I was teaching at the University of Iowa during the mid-1990s when Monsanto first brought out crops that were genetically engineered to survive strong doses of their patented pesticide Roundup. The crops, called Roundup Ready, seemed like a kind of Frankenfood to me – how could farmers agree to put down crops that were engineered to absorb even heavier doses of poison than the ones they were already using? I started to make a movie with a friend about this – I remember scouting fields filled with Roundup Ready crops with him – but then I got a job in NYC and left the Midwest.
My alarm at the introduction of Roundup Ready crops was catalyzed to a certain extent by one of the first experiences that I had when I arrived in Iowa. I was staying in a guest house for a few weeks before finding an apartment. This was a beautiful 19th century building that once used to be a courthouse for the town. It had been converted into a guesthouse recently, and there were few other people staying in the building. One day I met a couple who had taken up residency briefly while the husband was cared for the university hospital. They were farmers. Half the husband’s face had been eaten away by cancer – he was difficult to look at. He looked like one of the war victims in Ernst Friedrich’s great Dadaist anti-war polemic War Against War. During one of our conversations, he told me that he had had no idea of the dangers of pesticides when he was younger. He used to handle them with his bare hands. Now he was a grim casualty of the U.S.’s fossil fuel-based industrial agricultural complex.
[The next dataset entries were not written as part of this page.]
(* Let $Q$ be a loop. (i) If $N(Q)$ is a normal subloop of $Q$, then $Q/N(Q)$ is an abelian group if and only if for all $x,y,z,u,v\in Q$: $[[x,y,z],u,v]=[u,[x,y,z],v]=[u,v,[x,y,z]]=1$ and $[[x,y],z,u]=[z,[x,y],u]=[z,u,[x,y]]=1$. (ii) $Q/Z(Q)$ is a group if and only if for all $x,y,z,u,v\in Q$: $[[x,y,z],u,v]=[u,[x,y,z],v]=[u,v,[x,y,z]]=1$ and $[[x,y,z],u]=1$.
   Context: A loop $(Q,\cdot)$ is a set with a binary operation and an identity $1$ such that all left translations $L_x:y\mapsto xy$ and right translations $R_x:y\mapsto yx$ are bijections; $x\backslash y=yL_x^{-1}$. The associator is $[x,y,z]=(x\cdot yz)\backslash(xy\cdot z)$ and the commutator is $[x,y]=(yx)\backslash(xy)$ (juxtaposition denotes multiplication, e.g. $x\cdot yz=x\cdot(y\cdot z)$). $\mathrm{Inn}(Q)$ is the set of elements of $\langle L_x,R_x:x\in Q\rangle$ fixing $1$; a subloop $S$ (nonempty subset closed under multiplication and both divisions) is normal if $S\varphi=S$ for all $\varphi\in\mathrm{Inn}(Q)$, and then $Q/S$ is the loop of cosets $xS$ with $xS\cdot yS=(xy)S$. The nucleus is $N(Q)=\{a\in Q: ax\cdot y=a\cdot xy,\ xy\cdot a=x\cdot ya,\ xa\cdot y=x\cdot ay\ \forall x,y\in Q\}$, the commutant is $C(Q)=\{a: ax=xa\ \forall x\}$, and the center is $Z(Q)=C(Q)\cap N(Q)$, which is always a normal subloop. *)

theory Defs
  imports "HOL-Algebra.Group" "HOL-Library.FuncSet"
begin

definition loop :: "'a set \<Rightarrow> ('a \<Rightarrow> 'a \<Rightarrow> 'a) \<Rightarrow> 'a \<Rightarrow> bool" where
  "loop Q m e \<longleftrightarrow> e \<in> Q \<and> (\<forall>x\<in>Q. \<forall>y\<in>Q. m x y \<in> Q)
     \<and> (\<forall>x\<in>Q. m e x = x \<and> m x e = x)
     \<and> (\<forall>x\<in>Q. bij_betw (m x) Q Q)
     \<and> (\<forall>x\<in>Q. bij_betw (\<lambda>y. m y x) Q Q)"

definition Ltr :: "'a set \<Rightarrow> ('a \<Rightarrow> 'a \<Rightarrow> 'a) \<Rightarrow> 'a \<Rightarrow> ('a \<Rightarrow> 'a)" where
  "Ltr Q m x = restrict (\<lambda>y. m x y) Q"

definition Rtr :: "'a set \<Rightarrow> ('a \<Rightarrow> 'a \<Rightarrow> 'a) \<Rightarrow> 'a \<Rightarrow> ('a \<Rightarrow> 'a)" where
  "Rtr Q m x = restrict (\<lambda>y. m y x) Q"

definition ldiv :: "'a set \<Rightarrow> ('a \<Rightarrow> 'a \<Rightarrow> 'a) \<Rightarrow> 'a \<Rightarrow> 'a \<Rightarrow> 'a" where
  "ldiv Q m x y = (THE z. z \<in> Q \<and> m x z = y)"

definition rdiv :: "'a set \<Rightarrow> ('a \<Rightarrow> 'a \<Rightarrow> 'a) \<Rightarrow> 'a \<Rightarrow> 'a \<Rightarrow> 'a" where
  "rdiv Q m y x = (THE z. z \<in> Q \<and> m z x = y)"

definition assoc :: "'a set \<Rightarrow> ('a \<Rightarrow> 'a \<Rightarrow> 'a) \<Rightarrow> 'a \<Rightarrow> 'a \<Rightarrow> 'a \<Rightarrow> 'a" where
  "assoc Q m x y z = ldiv Q m (m x (m y z)) (m (m x y) z)"

definition comm :: "'a set \<Rightarrow> ('a \<Rightarrow> 'a \<Rightarrow> 'a) \<Rightarrow> 'a \<Rightarrow> 'a \<Rightarrow> 'a" where
  "comm Q m x y = ldiv Q m (m y x) (m x y)"

inductive_set Mlt :: "'a set \<Rightarrow> ('a \<Rightarrow> 'a \<Rightarrow> 'a) \<Rightarrow> ('a \<Rightarrow> 'a) set"
  for Q m where
  Mlt_id: "restrict id Q \<in> Mlt Q m"
| Mlt_L: "x \<in> Q \<Longrightarrow> Ltr Q m x \<in> Mlt Q m"
| Mlt_R: "x \<in> Q \<Longrightarrow> Rtr Q m x \<in> Mlt Q m"
| Mlt_comp: "f \<in> Mlt Q m \<Longrightarrow> g \<in> Mlt Q m \<Longrightarrow> compose Q g f \<in> Mlt Q m"
| Mlt_inv: "f \<in> Mlt Q m \<Longrightarrow> restrict (inv_into Q f) Q \<in> Mlt Q m"

definition Inn :: "'a set \<Rightarrow> ('a \<Rightarrow> 'a \<Rightarrow> 'a) \<Rightarrow> 'a \<Rightarrow> ('a \<Rightarrow> 'a) set" where
  "Inn Q m e = {\<phi> \<in> Mlt Q m. \<phi> e = e}"

definition subloop :: "'a set \<Rightarrow> ('a \<Rightarrow> 'a \<Rightarrow> 'a) \<Rightarrow> 'a set \<Rightarrow> bool" where
  "subloop Q m S \<longleftrightarrow> S \<subseteq> Q \<and> S \<noteq> {}
     \<and> (\<forall>x\<in>S. \<forall>y\<in>S. m x y \<in> S \<and> ldiv Q m x y \<in> S \<and> rdiv Q m x y \<in> S)"

definition normal_subloop :: "'a set \<Rightarrow> ('a \<Rightarrow> 'a \<Rightarrow> 'a) \<Rightarrow> 'a \<Rightarrow> 'a set \<Rightarrow> bool" where
  "normal_subloop Q m e S \<longleftrightarrow> subloop Q m S \<and> (\<forall>\<phi>\<in>Inn Q m e. \<phi> ` S = S)"

definition nucleus :: "'a set \<Rightarrow> ('a \<Rightarrow> 'a \<Rightarrow> 'a) \<Rightarrow> 'a set" where
  "nucleus Q m = {a \<in> Q. \<forall>x\<in>Q. \<forall>y\<in>Q.
      m (m a x) y = m a (m x y) \<and> m (m x y) a = m x (m y a) \<and> m (m x a) y = m x (m a y)}"

definition commutant :: "'a set \<Rightarrow> ('a \<Rightarrow> 'a \<Rightarrow> 'a) \<Rightarrow> 'a set" where
  "commutant Q m = {a \<in> Q. \<forall>x\<in>Q. m a x = m x a}"

definition center :: "'a set \<Rightarrow> ('a \<Rightarrow> 'a \<Rightarrow> 'a) \<Rightarrow> 'a set" where
  "center Q m = commutant Q m \<inter> nucleus Q m"

definition lcoset :: "('a \<Rightarrow> 'a \<Rightarrow> 'a) \<Rightarrow> 'a \<Rightarrow> 'a set \<Rightarrow> 'a set" where
  "lcoset m x S = {m x s | s. s \<in> S}"

definition quot_loop :: "'a set \<Rightarrow> ('a \<Rightarrow> 'a \<Rightarrow> 'a) \<Rightarrow> 'a set \<Rightarrow> 'a set monoid" where
  "quot_loop Q m S = \<lparr> carrier = {lcoset m x S | x. x \<in> Q},
      mult = (\<lambda>A B. lcoset m (m (SOME a. a \<in> A) (SOME b. b \<in> B)) S),
      one = S \<rparr>"

end

theory Submission
  imports Defs
begin

text \<open>
  If \<open>S\<close> is a subloop of the nucleus with \<open>Sy \<subseteq> yS\<close>, then products of cosets can be
  computed on representatives, \<open>xS \<cdot> yS = (xy)S\<close>. So \<open>Q/S\<close> is associative, hence a
  group, iff \<open>(xy\<cdot>z)S = (x\<cdot>yz)S\<close>, i.e. iff every associator lies in \<open>S\<close>; likewise it is
  commutative iff every commutator lies in \<open>S\<close>. Both a normal \<open>N(Q)\<close> and \<open>Z(Q)\<close> are
  such subloops, and an element lies in \<open>N(Q)\<close> (resp. \<open>Z(Q)\<close>) iff all associators
  (and commutators) having it as an argument are trivial.
\<close>

locale loop_struct =
  fixes Q :: "'a set" and m :: "'a \<Rightarrow> 'a \<Rightarrow> 'a" and e :: 'a
  assumes is_loop: "loop Q m e"
begin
Shortly after meeting this man, I began teaching a course on the social construction of nature in the Iowa English department. Reading Rachel Carson’s Silent Spring for the first time, I realized that the farmer I had encountered at the guest house was not anomalous or foolhardy, that farmers had been told that pesticides like DDT were perfectly safe. When such pesticides came out, ordinary people (as well as the scientists who created them) had little understanding of the deadly effects of prolonged exposure to such toxic chemicals.
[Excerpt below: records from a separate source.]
lemma exists_heavy_joint_type:
  assumes "J \<ge> 1" and "K \<ge> 1" and W_nonneg: "\<forall>k\<in>{1..K}. \<forall>j\<in>{1..J}. 0 \<le> W k j"
    and x1: "x1 \<in> seqs n {1..J}" and D: "D \<subseteq> seqs n {1..J}"
    and S: "S \<subseteq> seqs n {1..K}" "S \<noteq> {}" and covered: "\<forall>y\<in>S. \<exists>x2\<in>D. R y x2"
  shows "\<exists>y0\<in>S. \<exists>x0\<in>D. R y0 x0 \<and> (\<Sum>y\<in>S. chan_prob W y x1)
    \<le> real (n + 1) ^ (J^2 * K - 1) * event_prob K W x1 (\<lambda>y. \<exists>x2\<in>D.
         \<forall>k\<in>{1..K}. \<forall>j1\<in>{1..J}. \<forall>j2\<in>{1..J}. type3 y x1 x2 k j1 j2 = type3 y0 x1 x0 k j1 j2)"
proof -
  from covered obtain sel where sel: "\<forall>y\<in>S. sel y \<in> D \<and> R y (sel y)"
    by metis
  have x1_seq: "length x1 = n" "set x1 \<subseteq> {1..J}"
    using x1 unfolding seqs_def by auto
  have finite_S: "finite S"
    using S(1) finite_seqs[of "{1..K}" n] finite_subset by blast
  have "\<forall>y\<in>S. y \<in> seqs n {1..K} \<and> x1 \<in> seqs n {1..J} \<and> sel y \<in> seqs n {1..J}"
    using S(1) x1 D sel by blast
  then have few_types: "card ((\<lambda>y. type3 y x1 (sel y)) ` S) \<le> (n + 1) ^ (J^2 * K - 1)"
    using card_type3_image_le[of J K S "\<lambda>y. y" n "\<lambda>_. x1" sel] assms(1,2) by simp
  have nonneg: "\<forall>y\<in>S. 0 \<le> chan_prob W y x1"
    using S(1) W_nonneg x1_seq chan_prob_nonneg[of "{1..K}" "{1..J}"] unfolding seqs_def by blast
  obtain y0 where y0: "y0 \<in> S" and heavy: "(\<Sum>y\<in>S. chan_prob W y x1)
      \<le> real (n + 1) ^ (J^2 * K - 1)
        * (\<Sum>y\<in>{y \<in> S. type3 y x1 (sel y) = type3 y0 x1 (sel y0)}. chan_prob W y x1)"
    using exists_heavy_fibre[OF finite_S S(2) few_types nonneg] unfolding of_nat_power by blast
  let ?E = "\<lambda>y. \<exists>x2\<in>D. \<forall>k\<in>{1..K}. \<forall>j1\<in>{1..J}. \<forall>j2\<in>{1..J}.
    type3 y x1 x2 k j1 j2 = type3 y0 x1 (sel y0) k j1 j2"
  have "{y \<in> S. type3 y x1 (sel y) = type3 y0 x1 (sel y0)} \<subseteq> {y \<in> seqs (length x1) {1..K}. ?E y}"
  proof
    fix y
    assume y: "y \<in> {y \<in> S. type3 y x1 (sel y) = type3 y0 x1 (sel y0)}"
    then have "sel y \<in> D" and "y \<in> seqs (length x1) {1..K}"
      using S(1) sel x1_seq(1) by auto
    moreover have "type3 y x1 (sel y) k j1 j2 = type3 y0 x1 (sel y0) k j1 j2" for k j1 j2
      using y by simp
    ultimately show "y \<in> {y \<in> seqs (length x1) {1..K}. ?E y}"
      by blast
  qed
  then have "(\<Sum>y\<in>{y \<in> S. type3 y x1 (sel y) = type3 y0 x1 (sel y0)}. chan_prob W y x1)
      \<le> event_prob K W x1 ?E"
    using W_nonneg x1_seq(2) by (intro sum_chan_prob_le_event_prob)
  then have "(\<Sum>y\<in>S. chan_prob W y x1) \<le> real (n + 1) ^ (J^2 * K - 1) * event_prob K W x1 ?E"
    using heavy by (meson mult_left_mono of_nat_0_le_iff zero_le_power order_trans)
  with y0 sel show ?thesis
    by blast
qed

lemma exists_joint_type_covering_overlap:
  fixes C :: "nat list set" and J K :: nat and V :: "nat \<Rightarrow> nat \<Rightarrow> real"
  defines "T \<equiv> \<lambda>x. cond_typeclass_of J K x V"
  assumes "J \<ge> 1" and "K \<ge> 1" and W_nonneg: "\<forall>k\<in>{1..K}. \<forall>j\<in>{1..J}. 0 \<le> W k j"
    and C_sub: "C \<subseteq> seqs n {1..J}" and C_type: "\<forall>x\<in>C. \<forall>j\<in>{1..J}. type1 x j = pX j"
    and x1: "x1 \<in> C"
  shows "\<exists>p. is_joint_type n J K p
    \<and> (\<forall>k\<in>{1..K}. \<forall>j\<in>{1..J}. (\<Sum>j2=1..J. p k j j2) = (\<Sum>j1=1..J. p k j1 j))
    \<and> (\<Sum>y\<in>overlap C T x1. chan_prob W y x1) \<le> real (n + 1) ^ (J^2 * K - 1) * event_prob K W x1
        (\<lambda>y. \<exists>x2\<in>C - {x1}. \<forall>k\<in>{1..K}. \<forall>j1\<in>{1..J}. \<forall>j2\<in>{1..J}. type3 y x1 x2 k j1 j2 = p k j1 j2)"
proof -
  have x1_seq: "x1 \<in> seqs n {1..J}" and x1_set: "set x1 \<subseteq> {1..J}"
    using x1 C_sub unfolding seqs_def by auto
  have overlap_seq: "overlap C T x1 \<subseteq> seqs n {1..K}"
    using x1_seq unfolding overlap_def T_def cond_typeclass_of_def seqs_def by auto
  show ?thesis
  proof (cases "overlap C T x1 = {}")
    case True
    define y where "y = replicate n (1::nat)"
    have y_seq: "y \<in> seqs n {1..K}"
      unfolding y_def seqs_def using assms(3) by auto
    show ?thesis
    proof (intro exI conjI ballI)
      show "is_joint_type n J K (type3 y x1 x1)"
        unfolding is_joint_type_def using y_seq x1_seq by blast
      show "(\<Sum>j2=1..J. type3 y x1 x1 k j j2) = (\<Sum>j1=1..J. type3 y x1 x1 k j1 j)" for k j
        using sum_type3_snd[of x1 y x1] sum_type3_fst[of x1 y x1] x1_seq y_seq x1_set
        unfolding seqs_def by simp
      show "(\<Sum>y\<in>overlap C T x1. chan_prob W y x1) \<le> real (n + 1) ^ (J^2 * K - 1) * event_prob K W x1 E"
        for E
        using True sum_chan_prob_le_event_prob[OF W_nonneg x1_set, of "{}"] by simp
    qed
  next
    case False
    have others_seq: "C - {x1} \<subseteq> seqs n {1..J}"
      using C_sub by blast
    have "\<forall>y\<in>overlap C T x1. \<exists>x2\<in>C - {x1}. y \<in> T x2"
      unfolding overlap_def by blast
    from exists_heavy_joint_type[OF assms(2,3) W_nonneg x1_seq others_seq overlap_seq False this]
    obtain y0 x0 where y0: "y0 \<in> overlap C T x1" and x0: "x0 \<in> C - {x1}" "y0 \<in> T x0"
      and heavy: "(\<Sum>y\<in>overlap C T x1. chan_prob W y x1) \<le> real (n + 1) ^ (J^2 * K - 1)
        * event_prob K W x1 (\<lambda>y. \<exists>x2\<in>C - {x1}. \<forall>k\<in>{1..K}. \<forall>j1\<in>{1..J}. \<forall>j2\<in>{1..J}.
            type3 y x1 x2 k j1 j2 = type3 y0 x1 x0 k j1 j2)"
      by blast
    have x0_seq: "x0 \<in> seqs n {1..J}"
      using x0 C_sub by blast
    show ?thesis
    proof (intro exI conjI ballI)
      show "is_joint_type n J K (type3 y0 x1 x0)"
        unfolding is_joint_type_def using y0 overlap_seq x1_seq x0_seq by blast
      show "(\<Sum>j2=1..J. type3 y0 x1 x0 k j j2) = (\<Sum>j1=1..J. type3 y0 x1 x0 k j1 j)"
        if "k \<in> {1..K}" "j \<in> {1..J}" for k j
      proof (rule type3_marginals_eq[OF x1_seq x0_seq _ _ _ that(2,1)])
        show "\<forall>j\<in>{1..J}. type1 x1 j = type1 x0 j"
          using x1 x0(1) C_type by simp
        show "y0 \<in> cond_typeclass_of J K x1 V" "y0 \<in> cond_typeclass_of J K x0 V"
          using y0 x0(2) unfolding overlap_def T_def by auto
      qed
    qed (fact heavy)
  qed
qed

theorem lemma2:
  fixes n J K M :: nat
    and C :: "nat list set"
    and W :: "nat \<Rightarrow> nat \<Rightarrow> real"
    and pX :: "nat \<Rightarrow> real"
    and pYX1 :: "nat \<Rightarrow> nat \<Rightarrow> real"
  assumes J: "J \<ge> 1" and K: "K \<ge> 1"
    and W_nonneg: "\<forall>k\<in>{1..K}. \<forall>j\<in>{1..J}. W k j \<ge> 0"
    and W_sum: "\<forall>j\<in>{1..J}. (\<Sum>k=1..K. W k j) = 1"
    and C_sub: "C \<subseteq> seqs n {1..J}"
    and C_ne: "C \<noteq> {}"
    and C_card: "card C = M"
    and C_type: "\<forall>x\<in>C. \<forall>j\<in>{1..J}. type1 x j = pX j"
    and p_cond: "is_cond_type n J K pYX1"
    and big: "\<forall>x\<in>seqs n {1..J}. (\<forall>j\<in>{1..J}. type1 x j = pX j) \<longrightarrow>
        real M * real (card (cond_typeclass_of J K x pYX1))
          \<ge> 2 * real (card (typeclass_of n K (\<lambda>k. \<Sum>j=1..J. pX j * pYX1 k j)))"
  shows "\<exists>x1\<in>C. \<exists>p :: nat \<Rightarrow> nat \<Rightarrow> nat \<Rightarrow> real.
           is_joint_type n J K p
         \<and> (\<forall>k\<in>{1..K}. \<forall>j\<in>{1..J}. (\<Sum>j2=1..J. p k j j2) = (\<Sum>j1=1..J. p k j1 j))
         \<and> event_prob K W x1
             (\<lambda>y. \<exists>x2\<in>C - {x1}. \<forall>k\<in>{1..K}. \<forall>j1\<in>{1..J}. \<forall>j2\<in>{1..J}.
                    type3 y x1 x2 k j1 j2 = p k j1 j2)
           \<ge> 1 / (2 * real (n + 1) ^ (J^2 * K - 1))
              * event_prob K W x1 (\<lambda>y. y \<in> cond_typeclass_of J K x1 pYX1)"
proof -
  define T where "T x = cond_typeclass_of J K x pYX1" for x
  define N where "N = real (n + 1) ^ (J^2 * K - 1)"
  have "\<forall>x\<in>C. 2 * real (card (typeclass_of n K (\<lambda>k. \<Sum>j=1..J. pX j * pYX1 k j)))
      \<le> real (card C) * real (card (T x))"
    using big C_sub C_type unfolding C_card T_def by blast
  then obtain x1 where x1: "x1 \<in> C"
    and half: "event_prob K W x1 (\<lambda>y. y \<in> T x1) \<le> 2 * (\<Sum>y\<in>overlap C T x1. chan_prob W y x1)"
    using exists_codeword_with_heavy_overlap[OF W_nonneg C_sub C_ne C_type]
    unfolding T_def by blast
  obtain p where joint: "is_joint_type n J K p"
    and marginals: "\<forall>k\<in>{1..K}. \<forall>j\<in>{1..J}. (\<Sum>j2=1..J. p k j j2) = (\<Sum>j1=1..J. p k j1 j)"
    and heavy: "(\<Sum>y\<in>overlap C T x1. chan_prob W y x1) \<le> N * event_prob K W x1
      (\<lambda>y. \<exists>x2\<in>C - {x1}. \<forall>k\<in>{1..K}. \<forall>j1\<in>{1..J}. \<forall>j2\<in>{1..J}. type3 y x1 x2 k j1 j2 = p k j1 j2)"
      (is "_ \<le> N * ?e")
    using exists_joint_type_covering_overlap[OF J K W_nonneg C_sub C_type x1, of pYX1]
    unfolding T_def N_def by blast
  have "N > 0"
    unfolding N_def by simp
  have "1 / (2 * N) * event_prob K W x1 (\<lambda>y. y \<in> T x1) \<le> 1 / (2 * N) * (2 * N * ?e)"
    using half heavy \<open>N > 0\<close> by (intro mult_left_mono) auto
  also have "\<dots> = ?e"
    using \<open>N > 0\<close> by simp
  finally show ?thesis
    using x1 joint marginals unfolding N_def T_def by blast
qed

end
Signs of the impact of industrial agriculture were everywhere. No one drank water straight from the tap as people tend to do in NYC. Instead, there were carbon-activated water filtration machines in all supermarkets. This is because the city’s water supply is contaminated with run-off from huge hog lots. By run-off I mean effluent from the gigantic lakes of pig shit that are an inescapable feature of industrial farming. The water is also filled with fertilizer and pesticide residues. During the time that I was at the university, handfuls of women professors came down with breast cancer each year. While some said that this was because the demographic was highly educated and thus more likely to get tested and diagnosed, I couldn’t put that farmer with the caved-in face out of my mind.
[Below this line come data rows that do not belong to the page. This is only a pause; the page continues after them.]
lemma ltoep_one: "(\<And>i. w i \<noteq> 0) \<Longrightarrow> ltoep w 1 = mid"
  unfolding ltoep_def mid_def by (intro ext) auto

lemma ltoep_mult:
  assumes w: "\<And>i. w i \<noteq> 0"
  shows "mmul (ltoep w f) (ltoep w g) = ltoep w (f * g)"
proof (intro ext)
  fix i j
  have sum: "mmul (ltoep w f) (ltoep w g) i j = (\<Sum>k=j..i. ltoep w f i k * ltoep w g k j)"
    by (rule mmul_banded_eq_sum[OF banded_ltoep banded_ltoep]) auto
  show "mmul (ltoep w f) (ltoep w g) i j = ltoep w (f * g) i j"
  proof (cases "j \<le> i")
    case True
    define n where "n = nat (i - j)"
    have "(\<Sum>k=j..i. ltoep w f i k * ltoep w g k j)
        = (\<Sum>k=j..i. w i * (f $ nat (i - k) * g $ nat (k - j)) / w j)"
      by (intro sum.cong refl) (auto simp: ltoep_def w)
    also have "\<dots> = w i * (\<Sum>k=j..i. f $ nat (i - k) * g $ nat (k - j)) / w j"
      by (simp add: sum_distrib_left sum_divide_distrib)
    also have "(\<Sum>k=j..i. f $ nat (i - k) * g $ nat (k - j)) = (\<Sum>m=0..n. f $ m * g $ (n - m))"
    proof (rule sum.reindex_bij_witness[of _ "\<lambda>m. i - int m" "\<lambda>k. nat (i - k)"])
      fix k assume "k \<in> {j..i}"
      then have "n - nat (i - k) = nat (k - j)"
        unfolding n_def atLeastAtMost_iff by arith
      then show "f $ nat (i - k) * g $ (n - nat (i - k)) = f $ nat (i - k) * g $ nat (k - j)"
        by simp
    qed (use True in \<open>auto simp: n_def\<close>)
    also have "\<dots> = (f * g) $ n"
      by (simp add: fps_mult_nth)
    finally show ?thesis
      using sum True by (simp add: ltoep_def n_def)
  qed (unfold sum, simp add: ltoep_def)
qed

lemma mdiag_conj_ltoep:
  "mmul (mmul (mdiag w) (ltoep (\<lambda>_. 1) f)) (mdiag (\<lambda>i. inverse (w i))) = ltoep w f"
  by (auto intro!: ext simp: mmul_mdiag_left mmul_mdiag_right ltoep_def field_simps)

lemma linv_unique:
  assumes "lower_tri A" "lower_tri B" "mmul A B = mid" "mmul B A = mid"
  shows "linv A = B"
  unfolding linv_def
proof (rule the_equality)
  fix B' assume B': "lower_tri B' \<and> mmul A B' = mid \<and> mmul B' A = mid"
  have "B' = mmul B' (mmul A B)"
    using assms by simp
  also have "\<dots> = mmul (mmul B' A) B"
    using assms B' unfolding lower_tri_iff_banded by (intro mmul_assoc_banded[symmetric]) auto
  finally show "B' = B"
    using B' by simp
qed (use assms in simp)

lemma linv_ltoep:
  assumes "\<And>i. w i \<noteq> 0" "f $ 0 \<noteq> 0"
  shows "linv (ltoep w f) = ltoep w (inverse f)"
  by (rule linv_unique)
     (simp_all add: lower_tri_iff_banded banded_ltoep ltoep_mult ltoep_one assms
                    inverse_mult_eq_1 inverse_mult_eq_1')

section \<open>q-difference equations for formal power series\<close>

lemma fps_linear_mult_nth_Suc:
  fixes c :: complex
  shows "((1 + fps_const c * fps_X) * f) $ Suc m = f $ Suc m + c * f $ m"
proof -
  have "(1 + fps_const c * fps_X) * f = f + fps_const c * (fps_X * f)"
    by (simp add: algebra_simps)
  then show ?thesis by simp
qed

lemma fps_geometric_mult:
  fixes x :: complex
  shows "(1 + fps_const (- x) * fps_X) * Abs_fps (\<lambda>n. x ^ n) = 1"
proof (rule fps_ext)
  fix n show "((1 + fps_const (- x) * fps_X) * Abs_fps (\<lambda>n. x ^ n)) $ n = 1 $ n"
    by (cases n) (simp_all add: fps_linear_mult_nth_Suc)
qed

lemma fps_geometric_compose_linear:
  fixes x q :: complex
  shows "Abs_fps (\<lambda>n. x ^ n) oo (fps_const q * fps_X) = Abs_fps (\<lambda>n. (q * x) ^ n)"
  by (simp add: fps_eq_iff power_mult_distrib)

lemma fps_linear_compose_linear:
  fixes c q :: complex
  shows "(1 + fps_const c * fps_X) oo (fps_const q * fps_X) = 1 + fps_const (q * c) * fps_X"
  by (simp add: fps_compose_add_distrib flip: fps_const_mult_apply_left fps_const_mult)

lemma fps_prod_nth_0: "prod F A $ 0 = (\<Prod>k\<in>A. F k $ 0)"
  by (induction A rule: infinite_finite_induct) simp_all

lemma fps_compose_linear_mult:
  fixes q :: complex
  shows "(f * g) oo (fps_const q * fps_X) = (f oo (fps_const q * fps_X)) * (g oo (fps_const q * fps_X))"
  by (simp add: fps_compose_mult_distrib)

lemma geometric_prod_qdifference:
  fixes x q :: complex
  shows "(1 + fps_const (- x) * fps_X) * (\<Prod>k<N. Abs_fps (\<lambda>n. (q ^ k * x) ^ n))
       = (1 + fps_const (- (q ^ N * x)) * fps_X)
           * ((\<Prod>k<N. Abs_fps (\<lambda>n. (q ^ k * x) ^ n)) oo (fps_const q * fps_X))"
proof (induction N)
  case (Suc N)
  let ?P = "\<Prod>k<N. Abs_fps (\<lambda>n. (q ^ k * x) ^ n)" and ?g = "Abs_fps (\<lambda>n. (q ^ N * x) ^ n)"
  let ?D = "\<lambda>f. f oo (fps_const q * fps_X)"
  have "?D ?g = Abs_fps (\<lambda>n. (q ^ Suc N * x) ^ n)"
    by (simp add: fps_geometric_compose_linear mult.assoc)
  then have geo: "(1 + fps_const (- (q ^ Suc N * x)) * fps_X) * ?D ?g = 1"
    by (simp only: fps_geometric_mult)
  have "(1 + fps_const (- x) * fps_X) * (?P * ?g)
      = ?D ?P * ((1 + fps_const (- (q ^ N * x)) * fps_X) * ?g)"
    by (simp only: Suc mult.assoc[symmetric]) (simp only: ac_simps)
  also have "\<dots> = ?D ?P * ((1 + fps_const (- (q ^ Suc N * x)) * fps_X) * ?D ?g)"
    by (simp only: fps_geometric_mult geo)
  also have "\<dots> = (1 + fps_const (- (q ^ Suc N * x)) * fps_X) * ?D (?P * ?g)"
    by (simp only: fps_compose_linear_mult) (simp only: ac_simps)
  finally show ?case by simp
qed simp

lemma linear_prod_qdifference:
  fixes c q :: complex
  shows "(1 + fps_const (q ^ N * c) * fps_X) * (\<Prod>k<N. 1 + fps_const (q ^ k * c) * fps_X)
       = (1 + fps_const c * fps_X)
           * ((\<Prod>k<N. 1 + fps_const (q ^ k * c) * fps_X) oo (fps_const q * fps_X))"
proof (induction N)
  case (Suc N)
  let ?P = "\<Prod>k<N. 1 + fps_const (q ^ k * c) * fps_X" and ?h = "1 + fps_const (q ^ N * c) * fps_X"
  let ?D = "\<lambda>f. f oo (fps_const q * fps_X)"
  have "?D ?h = 1 + fps_const (q ^ Suc N * c) * fps_X"
    by (simp add: fps_linear_compose_linear mult.assoc)
  then have "(1 + fps_const (q ^ Suc N * c) * fps_X) * (?P * ?h) = ?D ?h * (?h * ?P)"
    by (simp only: ac_simps)
  also have "\<dots> = (1 + fps_const c * fps_X) * ?D (?P * ?h)"
    by (simp only: Suc fps_compose_linear_mult mult.assoc[symmetric]) (simp only: ac_simps)
  finally show ?case by simp
qed simp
With this background experience, then, I was profoundly unnerved to learn about the introduction of Roundup Ready and later – about Monsanto Round Up lawsuit. Leaving Iowa was sad on all sorts of levels, but I have to admit that it felt to a certain extent like an evacuation from a toxic waste dump.
Now I’ve learned that there’s another turn of the screw to this story. An unnerving recent article in the New York Times has just documented the evolution of Roundup Ready-resistant super-weeds. These weeds have evolved in the ten years since I witnessed the pesticide-GMO crop combination being introduced in Iowa and other parts of the farming belt. As the image to the right makes clear, there are now large swaths of the country where pesticide-resistant super-weeds have taken hold, making farming using methods developed over the last twenty years nearly impossible. Some of these weeks, like pigweed, grow to be the same height as corn and are so sturdy that they can damage steel harvesting equipment.
With some historical perspective, it seems that we’ve been conducting a giant experiment in how to breed super-powerful weeds. Apparently the Roundup Ready combo allowed farmers to relatively environmentally friendly no-till agricultural techniques, and so it perhaps seemed like a good idea at the time. But now those farmers are having to return to highly ecologically disruptive techniques of plowing the fields up in order to rip up the new super-weeds. Surely this outcome could have been foreseen. When you spread fields around this massive country with the same pesticide, you inevitably breed weeds that are resistant to such pesticides. We’ve essentially committed ourselves to an arms race with nature, but our increasingly sophisticated technology is backfiring because it simply produces more sophisticated, more dangerous natural antagonists. It’s like something out of a comic book: the arch-enemy who absorbs whatever power and weapon you throw at him, turning those same weapons back around on the do-gooders and threatening them with extinction.
I’ll give the last word to Bill Freese, science policy analyst for the D.C.-based Center for Food Safety: “The biotech industry is taking us into a more pesticide-dependent agriculture when they’ve always promised, and we need to be going in, the opposite direction.”